Supporters of the legislation are nervous it may not pass before the end of June, when senate will break for the summer and parliament will be suspended for the fall federal election.
At that point, any legislation that has been introduced but not passed would be scrapped and only given new life if it were reintroduced again in Parliament.
On Thursday, for their final stop, Iahtail and her group visited the Senate building down the street from Parliament Hill.
While delivering their message they met Quebec Senator Julie Miville-Dechêne, who told them she will be voting for C-262 once it has passed the committee stage.

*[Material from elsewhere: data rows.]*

lemma admissible_positions_eq_Union_compact:
  fixes x :: "int list \<Rightarrow> real^'d"
  obtains K :: "nat \<Rightarrow> (real^'d) set"
  where "\<And>n. compact (K n)" "admissible_positions I \<delta> \<alpha> x i = (\<Union>n. K n)"
proof
  let ?K = "\<lambda>n. cbox 0 One \<inter> cball (x i) (\<alpha> - 1 / real (Suc n)) \<inter> (\<Inter>j\<in>I - {i}. - ball (x j) \<delta>)"
  show "compact (?K n)" for n
    by (intro compact_Int_closed compact_cbox closed_cball closed_INT closed_Compl open_ball ballI)
  have "dist (x i) z < \<alpha> \<longleftrightarrow> (\<exists>n. dist (x i) z \<le> \<alpha> - 1 / real (Suc n))" for z
  proof
    assume "dist (x i) z < \<alpha>"
    then obtain n where "inverse (real (Suc n)) < \<alpha> - dist (x i) z"
      using reals_Archimedean by (metis diff_gt_0_iff_gt)
    then have "dist (x i) z \<le> \<alpha> - 1 / real (Suc n)" by (simp add: inverse_eq_divide)
    then show "\<exists>n. dist (x i) z \<le> \<alpha> - 1 / real (Suc n)" ..
  next
    assume "\<exists>n. dist (x i) z \<le> \<alpha> - 1 / real (Suc n)"
    then obtain n where "dist (x i) z \<le> \<alpha> - 1 / real (Suc n)" ..
    moreover have "0 < 1 / real (Suc n)" by simp
    ultimately show "dist (x i) z < \<alpha>" by linarith
  qed
  then show "admissible_positions I \<delta> \<alpha> x i = (\<Union>n. ?K n)"
    by (simp add: admissible_positions_def not_less set_eq_iff)
qed

lemma config_space_update_iff:
  assumes x: "x \<in> config_space I \<delta>" and i: "i \<in> I"
  shows "x(i := z) \<in> config_space I \<delta> \<longleftrightarrow> z \<in> cbox 0 One \<and> (\<forall>j\<in>I - {i}. \<delta> \<le> dist (x j) z)"
  using assms unfolding config_space_def by (auto simp: dist_commute)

The former Radio-Canada journalist said the “reconciliation process is much, much larger than this bill, but [C-262 is] a step.
“As senators we are there to renew the laws, to change them when we feel we have to,” she said, explaining senators know they have a deadline by which to ensure the UNDRIP bill is passed.
Iahtail said Saganash’s bill will help end racial discrimination against Indigenous peoples in Canada.
“That’s racial discrimination, when you don’t recognize our original lands, our original language, our original laws that are inherent in our language. Our original spirituality, our original governance, our original ways of knowing, thinking, living and being.”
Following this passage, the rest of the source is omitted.